The development of Bangladesh's domestic pesticide industry has been stalled for a number of years now, due to significant tariff disparities and regulatory hurdles, leaving the country heavily dependent on imports essential to the agriculture sector that still dominates the economy.
Industry insiders and agricultural economists warn that, while Bangladesh has successfully become a global exporter of pharmaceuticals, the relatively simple technology of pesticide manufacturing remains underdeveloped due to a "discriminatory" tax structure.
They suggested a reasonable and competitive tax rate on raw material imports for pesticide production in the upcoming budget for the fiscal year of 2026-27.
The primary obstacle to the growth of local industries is the stark contrast in import duties between finished products and raw materials. If the tax barrier is removed, Bangladesh could become self-sufficient in pesticides within the next three years, said Tawfiqul Islam Khan, additional research director of the Centre for Policy Dialogue (CPD).
This is seen as a critical step before the country's LDC graduation, after which the agricultural sector may face even greater challenges if a self-sustaining local industry is not established, Khan pointed out.

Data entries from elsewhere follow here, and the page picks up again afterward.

lemma rademacher_eq_step:
  assumes "x \<notin> range (\<lambda>z::int. real_of_int z / 2 ^ n)"
  shows "rademacher n x = rademacher_step n x"
proof -
  define y where "y = 2 ^ n * x"
  define k where "k = dyadic_index n x"
  have k: "k = \<lfloor>y\<rfloor>" by (simp add: k_def y_def dyadic_index_def)
  have "y \<noteq> of_int k"
  proof
    assume "y = of_int k"
    then have "x = of_int k / 2 ^ n" by (simp add: y_def field_simps)
    then show False using assms by auto
  qed
  then have "0 < y - k" "y - k < 1" using k by linarith+
  then have pos: "0 < sin (pi * (y - k))" by (intro sin_gt_zero) auto
  have "sin (2 ^ n * pi * x) = sin (pi * of_int k + pi * (y - k))"
    by (simp add: y_def algebra_simps)
  also have "\<dots> = (if even k then 1 else -1) * sin (pi * (y - k))"
    by (simp add: sin_add)
  finally show ?thesis
    using pos by (simp add: rademacher_def rademacher_step_def k_def[symmetric])
qed

(* The dyadic rationals are countable, hence the two agree almost everywhere. *)
lemma AE_rademacher_eq_step: "AE x in lborel. rademacher n x = rademacher_step n x"
proof -
  have "AE x in lborel. x \<notin> range (\<lambda>z::int. real_of_int z / 2 ^ n)"
    by (intro AE_not_in countable_imp_null_set_lborel) auto
  then show ?thesis by eventually_elim (rule rademacher_eq_step)
qed

definition even_cells :: "nat \<Rightarrow> real set" where
  "even_cells k = {x. dyadic_index 0 x = 0 \<and> even (dyadic_index k x)}"
(* Assume the van Kampen setup below, with compatible future retracts $Q_k:\vec\pi_1(X_k)\to\vec\pi_1(X_k,B_k)$ and compatible future retracts $P_k:\vec\pi_1(X_k,B_k)\to\vec\pi_1(X_k,A_k)$ ($k=0,1,2$), and let $P:\vec\pi_1(X,B)\to\vec\pi_1(X,A)$ be the unique functor with $P\circ j_k=j'_k\circ P_k$ ($k=1,2$). For $x\in B$ let $\eta_x:x\to P(x)$ be the image in $\vec\pi_1(X,B)$ of the unit $\eta^k_x$ of $P_k$ for any $k\in\{1,2\}$ with $x\in B_k$ (this does not depend on $k$). Then for every morphism $[\gamma]:x\to y$ of $\vec\pi_1(X,B)$ one has $\eta_y\circ[\gamma]=P([\gamma])\circ\eta_x$ in $\vec\pi_1(X,B)$.
   Context: A d-space is a topological space with a set of continuous paths $[0,1]\to X$ (dipaths) containing all constant paths, closed under precomposition with continuous non-decreasing maps $[0,1]\to[0,1]$ and under concatenation; subsets carry the dipaths with image in them. The fundamental category $\vec\pi_1(X)$ has objects the points of $X$ and morphisms $a\to b$ the classes of dipaths from $a$ to $b$ modulo the equivalence relation generated by endpoint-fixing directed homotopies; composition is concatenation. For $A\subseteq X$, $\vec\pi_1(X,A)$ is the full subcategory on objects in $A$. For $A\subseteq B\subseteq X$ with inclusion $\iota:\vec\pi_1(X,A)\to\vec\pi_1(X,B)$, a future retract is a functor $P:\vec\pi_1(X,B)\to\vec\pi_1(X,A)$ left adjoint to $\iota$ whose unit satisfies $\eta_a=\mathrm{id}_a$ for $a\in A$. Van Kampen setup: $X$ a d-space, $X_1,X_2\subseteq X$ with $X=\mathrm{Int}(X_1)\cup\mathrm{Int}(X_2)$, dipaths of $X$ the finite concatenations of dipaths of $X_1$ and $X_2$, $X_0=X_1\cap X_2$. For $k=0,1,2$, $A_k\subseteq B_k\subseteq X_k$ with $A_0=A_1\cap A_2$, $B_0=B_1\cap B_2$, $A=A_1\cup A_2$, $B=B_1\cup B_2$, $A=\mathrm{Int}_A(A_1)\cup\mathrm{Int}_A(A_2)$, $B=\mathrm{Int}_B(B_1)\cup\mathrm{Int}_B(B_2)$. Inclusion-induced functors: $i_k:\vec\pi_1(X_0,B_0)\to\vec\pi_1(X_k,B_k)$, $j_k:\vec\pi_1(X_k,B_k)\to\vec\pi_1(X,B)$, $i'_k:\vec\pi_1(X_0,A_0)\to\vec\pi_1(X_k,A_k)$, $j'_k:\vec\pi_1(X_k,A_k)\to\vec\pi_1(X,A)$ ($k=1,2$). Compatible future retracts $Q_k:\vec\pi_1(X_k)\to\vec\pi_1(X_k,B_k)$: each a future retract with unit $\theta^k$, commuting with the inclusion-induced functors from index $0$ to $k=1,2$, with $\theta^0_x$ mapping to $\theta^k_x$ for $x\in X_0$. Compatible future retracts $P_k:\vec\pi_1(X_k,B_k)\to\vec\pi_1(X_k,A_k)$: each a future retract with unit $\eta^k$, $P_k\circ i_k=i'_k\circ P_0$ ($k=1,2$), and $\eta^0_x$ mapping to $\eta^k_x$ for $x\in B_0$. *)

theory Defs
  imports "HOL-Analysis.Analysis"
begin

He said that crop production at an affordable cost will be affected due to import dependency and higher duties on pesticide raw materials. In the volatile global situation, the import dependency of any food production-related product may affect food security.
How the "discriminatory" tax structure manifests:
Finished Pesticides: Low-quality finished pesticides can be imported from countries like India and China with a mere 5 percent customs duty and no additional VAT.
Raw Materials: Local manufacturers face duties of up to 58 percent on the 32 essential raw materials required for production.
Unjustified VAT: An additional 15 percent VAT is imposed on raw material imports, a cost not applied to imported finished goods.
KSM Mostafizur Rahman, President of the Bangladesh Agrochemical Manufacturers Association (BAMA), noted that this imbalance has turned Bangladesh into a market for foreign products rather than a manufacturing hub.
"While our pharmaceutical industry has grown from import-dependence to near self-sufficiency with 200 local firms, the pesticide industry is being held back by these tax barriers," he stated.
The current tax policy has resulted in domestic producers holding only a tiny fraction of the market, that is estimated between Tk 5,000 crore and Tk 7,500 crore.
Seven multinational companies control 55 percent (Tk 4,125 crore) of the market. Approximately 41% percent of the demand is met by local importers.
Domestic producers account for only 4 percent (Tk 300 crore) of the market share.
Agricultural economist Jahangir Alam emphasized that these high costs are ultimately passed down to farmers, increasing their production expenses while forcing them to use potentially inferior imported products.
Budget 2026-27: Opportunity to shift
BAMA and other stakeholders have placed two major demands before the National Board of Revenue (NBR) for the upcoming FY 2026-27 budget.
Zero Tariff on Raw Materials: Following an inter-ministerial recommendation that labeled the current high duties as "irrational," entrepreneurs are seeking a total waiver on the 58 percent duty for raw materials.
Ease of Port Procedures: Manufacturers report severe delays at Chittagong Port, where raw materials are often held for 40 to 45 days pending physical factory visits by customs officials, leading to massive compensation costs.
Industry leaders believe that if these barriers are removed, Bangladesh could become self-sufficient in pesticides within the next three years. This is seen as a critical step before the country's LDC graduation, after which the agricultural sector may face even greater challenges if a self-sustaining local industry is not established.